*** Opening of Provided entries ***

lemma holds_cst_fm_iff:
  fixes ar :: "'p::finite \<Rightarrow> nat"
  assumes "\<delta> \<in> Delta ar d" and "\<delta>' \<in> Delta ar d"
  shows "holds d \<delta>' (cst_fm ar d 0 \<delta>) \<longleftrightarrow> \<delta>' = \<delta>"
  unfolding holds_def
proof (rule eval_cst_fm_iff)
  show "is_cst ar d 0 \<delta>" "is_cst ar d 0 \<delta>'"
    using assms by (auto simp: Delta_def)
  then have "fset (catoms \<delta>') \<subseteq> newatoms ar 0"
    by (intro is_cst_catoms)
  then show "fset (catoms \<delta>') \<inter> newatoms ar 0 = fset (catoms \<delta>')"
    and "\<forall>j>0. fset (catoms \<delta>') \<inter> newatoms ar j = {}"
    using newatoms_disjoint[of 0 _ ar] by auto
qed simp

lemma belief_cst_fm:
  fixes ar :: "'p::finite \<Rightarrow> nat"
  assumes H: "hintikka_tree ar H" and "\<delta> \<in> Delta ar d"
  shows "belief ar H (cst_fm ar d 0 \<delta>) = H d \<delta>"
proof -
  have "{\<delta>' \<in> Delta ar d. holds d \<delta>' (cst_fm ar d 0 \<delta>)} = {\<delta>}"
    using assms(2) holds_cst_fm_iff[OF assms(2)] by auto
  then show ?thesis
    using belief_eq_belief_at[OF H qd_cst_fm_le] by (simp add: belief_at_def)
qed

lemma belief_cst_fm_le:
  fixes ar :: "'p::finite \<Rightarrow> nat"
  assumes H: "hintikka_tree ar H" and \<delta>: "\<delta> \<in> dnf ar \<phi>"
  shows "belief ar H (cst_fm ar (qd \<phi>) 0 \<delta>) \<le> belief ar H \<phi>"
proof -
  have "belief ar H (cst_fm ar (qd \<phi>) 0 \<delta>) = H (qd \<phi>) \<delta>"
    using \<delta> belief_cst_fm[OF H] by (simp add: dnf_def)
  also have "\<dots> \<le> belief ar H \<phi>"
    unfolding belief_def using \<delta>
    by (intro member_le_sum finite_dnf) (auto simp: dnf_def hintikka_tree_nonneg[OF H])
  finally show ?thesis .
qed

theorem mainTheorem6:
  fixes ar :: "'p::finite \<Rightarrow> nat" and H :: "nat \<Rightarrow> 'p cst \<Rightarrow> real"
  assumes arity_pos: "\<forall>p. 0 < ar p"
    and H: "hintikka_tree ar H"
  shows
   "(\<forall>\<phi>. is_sentence ar \<phi> \<longrightarrow> belief ar H (Neg \<phi>) = 1 - belief ar H \<phi>) \<and>
    (\<forall>\<phi>1 \<phi>2. is_sentence ar \<phi>1 \<and> is_sentence ar \<phi>2 \<longrightarrow>
        belief ar H (Conj \<phi>1 \<phi>2) \<le> min (belief ar H \<phi>1) (belief ar H \<phi>2)) \<and>
    (\<forall>\<phi>1 \<phi>2. is_sentence ar \<phi>1 \<and> is_sentence ar \<phi>2 \<longrightarrow>
        max (belief ar H \<phi>1) (belief ar H \<phi>2) \<le> belief ar H (Disj \<phi>1 \<phi>2)) \<and>
    (\<forall>\<psi> x. wf_fm ar \<psi> \<and> fv \<psi> = {x} \<and> dnf ar (Ex x (Neg \<psi>)) \<noteq> {} \<longrightarrow>
        belief ar H (All x \<psi>) \<le>
          Min ((\<lambda>\<delta>. 1 - belief ar H (cst_fm ar (qd (Ex x (Neg \<psi>))) 0 \<delta>))
                 ` dnf ar (Ex x (Neg \<psi>)))) \<and>
    (\<forall>\<psi> x. wf_fm ar \<psi> \<and> fv \<psi> = {x} \<and> dnf ar (Ex x \<psi>) \<noteq> {} \<longrightarrow>
        Max ((\<lambda>\<delta>. belief ar H (cst_fm ar (qd (Ex x \<psi>)) 0 \<delta>)) ` dnf ar (Ex x \<psi>))
          \<le> belief ar H (Ex x \<psi>))"
proof -
  have "belief ar H (All x \<psi>) \<le>
      Min ((\<lambda>\<delta>. 1 - belief ar H (cst_fm ar (qd (Ex x (Neg \<psi>))) 0 \<delta>)) ` dnf ar (Ex x (Neg \<psi>)))"
    if "dnf ar (Ex x (Neg \<psi>)) \<noteq> {}" for x \<psi>
    using that belief_All[OF arity_pos H] belief_cst_fm_le[OF H]
    by (intro Min.boundedI) (auto simp: finite_dnf simp del: qd.simps)
  moreover have "Max ((\<lambda>\<delta>. belief ar H (cst_fm ar (qd (Ex x \<psi>)) 0 \<delta>)) ` dnf ar (Ex x \<psi>))
      \<le> belief ar H (Ex x \<psi>)"
    if "dnf ar (Ex x \<psi>) \<noteq> {}" for x \<psi>
    using that belief_cst_fm_le[OF H] by (intro Max.boundedI) (auto simp: finite_dnf simp del: qd.simps)
  ultimately show ?thesis
    using belief_Neg[OF arity_pos H] belief_Conj_le[OF H] belief_Disj_ge[OF H] by blast
qed

end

*** Close of Provided entries ***

## Task brief
Whatever appears in the data above must be copied word for word.

## Written solution
lemma holds_cst_fm_iff:
  fixes ar :: "'p::finite \<Rightarrow> nat"
  assumes "\<delta> \<in> Delta ar d" and "\<delta>' \<in> Delta ar d"
  shows "holds d \<delta>' (cst_fm ar d 0 \<delta>) \<longleftrightarrow> \<delta>' = \<delta>"
  unfolding holds_def
proof (rule eval_cst_fm_iff)
  show "is_cst ar d 0 \<delta>" "is_cst ar d 0 \<delta>'"
    using assms by (auto simp: Delta_def)
  then have "fset (catoms \<delta>') \<subseteq> newatoms ar 0"
    by (intro is_cst_catoms)
  then show "fset (catoms \<delta>') \<inter> newatoms ar 0 = fset (catoms \<delta>')"
    and "\<forall>j>0. fset (catoms \<delta>') \<inter> newatoms ar j = {}"
    using newatoms_disjoint[of 0 _ ar] by auto
qed simp

lemma belief_cst_fm:
  fixes ar :: "'p::finite \<Rightarrow> nat"
  assumes H: "hintikka_tree ar H" and "\<delta> \<in> Delta ar d"
  shows "belief ar H (cst_fm ar d 0 \<delta>) = H d \<delta>"
proof -
  have "{\<delta>' \<in> Delta ar d. holds d \<delta>' (cst_fm ar d 0 \<delta>)} = {\<delta>}"
    using assms(2) holds_cst_fm_iff[OF assms(2)] by auto
  then show ?thesis
    using belief_eq_belief_at[OF H qd_cst_fm_le] by (simp add: belief_at_def)
qed

lemma belief_cst_fm_le:
  fixes ar :: "'p::finite \<Rightarrow> nat"
  assumes H: "hintikka_tree ar H" and \<delta>: "\<delta> \<in> dnf ar \<phi>"
  shows "belief ar H (cst_fm ar (qd \<phi>) 0 \<delta>) \<le> belief ar H \<phi>"
proof -
  have "belief ar H (cst_fm ar (qd \<phi>) 0 \<delta>) = H (qd \<phi>) \<delta>"
    using \<delta> belief_cst_fm[OF H] by (simp add: dnf_def)
  also have "\<dots> \<le> belief ar H \<phi>"
    unfolding belief_def using \<delta>
    by (intro member_le_sum finite_dnf) (auto simp: dnf_def hintikka_tree_nonneg[OF H])
  finally show ?thesis .
qed

theorem mainTheorem6:
  fixes ar :: "'p::finite \<Rightarrow> nat" and H :: "nat \<Rightarrow> 'p cst \<Rightarrow> real"
  assumes arity_pos: "\<forall>p. 0 < ar p"
    and H: "hintikka_tree ar H"
  shows
   "(\<forall>\<phi>. is_sentence ar \<phi> \<longrightarrow> belief ar H (Neg \<phi>) = 1 - belief ar H \<phi>) \<and>
    (\<forall>\<phi>1 \<phi>2. is_sentence ar \<phi>1 \<and> is_sentence ar \<phi>2 \<longrightarrow>
        belief ar H (Conj \<phi>1 \<phi>2) \<le> min (belief ar H \<phi>1) (belief ar H \<phi>2)) \<and>
    (\<forall>\<phi>1 \<phi>2. is_sentence ar \<phi>1 \<and> is_sentence ar \<phi>2 \<longrightarrow>
        max (belief ar H \<phi>1) (belief ar H \<phi>2) \<le> belief ar H (Disj \<phi>1 \<phi>2)) \<and>
    (\<forall>\<psi> x. wf_fm ar \<psi> \<and> fv \<psi> = {x} \<and> dnf ar (Ex x (Neg \<psi>)) \<noteq> {} \<longrightarrow>
        belief ar H (All x \<psi>) \<le>
          Min ((\<lambda>\<delta>. 1 - belief ar H (cst_fm ar (qd (Ex x (Neg \<psi>))) 0 \<delta>))
                 ` dnf ar (Ex x (Neg \<psi>)))) \<and>
    (\<forall>\<psi> x. wf_fm ar \<psi> \<and> fv \<psi> = {x} \<and> dnf ar (Ex x \<psi>) \<noteq> {} \<longrightarrow>
        Max ((\<lambda>\<delta>. belief ar H (cst_fm ar (qd (Ex x \<psi>)) 0 \<delta>)) ` dnf ar (Ex x \<psi>))
          \<le> belief ar H (Ex x \<psi>))"
proof -
  have "belief ar H (All x \<psi>) \<le>
      Min ((\<lambda>\<delta>. 1 - belief ar H (cst_fm ar (qd (Ex x (Neg \<psi>))) 0 \<delta>)) ` dnf ar (Ex x (Neg \<psi>)))"
    if "dnf ar (Ex x (Neg \<psi>)) \<noteq> {}" for x \<psi>
    using that belief_All[OF arity_pos H] belief_cst_fm_le[OF H]
    by (intro Min.boundedI) (auto simp: finite_dnf simp del: qd.simps)
  moreover have "Max ((\<lambda>\<delta>. belief ar H (cst_fm ar (qd (Ex x \<psi>)) 0 \<delta>)) ` dnf ar (Ex x \<psi>))
      \<le> belief ar H (Ex x \<psi>)"
    if "dnf ar (Ex x \<psi>) \<noteq> {}" for x \<psi>
    using that belief_cst_fm_le[OF H] by (intro Max.boundedI) (auto simp: finite_dnf simp del: qd.simps)
  ultimately show ?thesis
    using belief_Neg[OF arity_pos H] belief_Conj_le[OF H] belief_Disj_ge[OF H] by blast
qed

end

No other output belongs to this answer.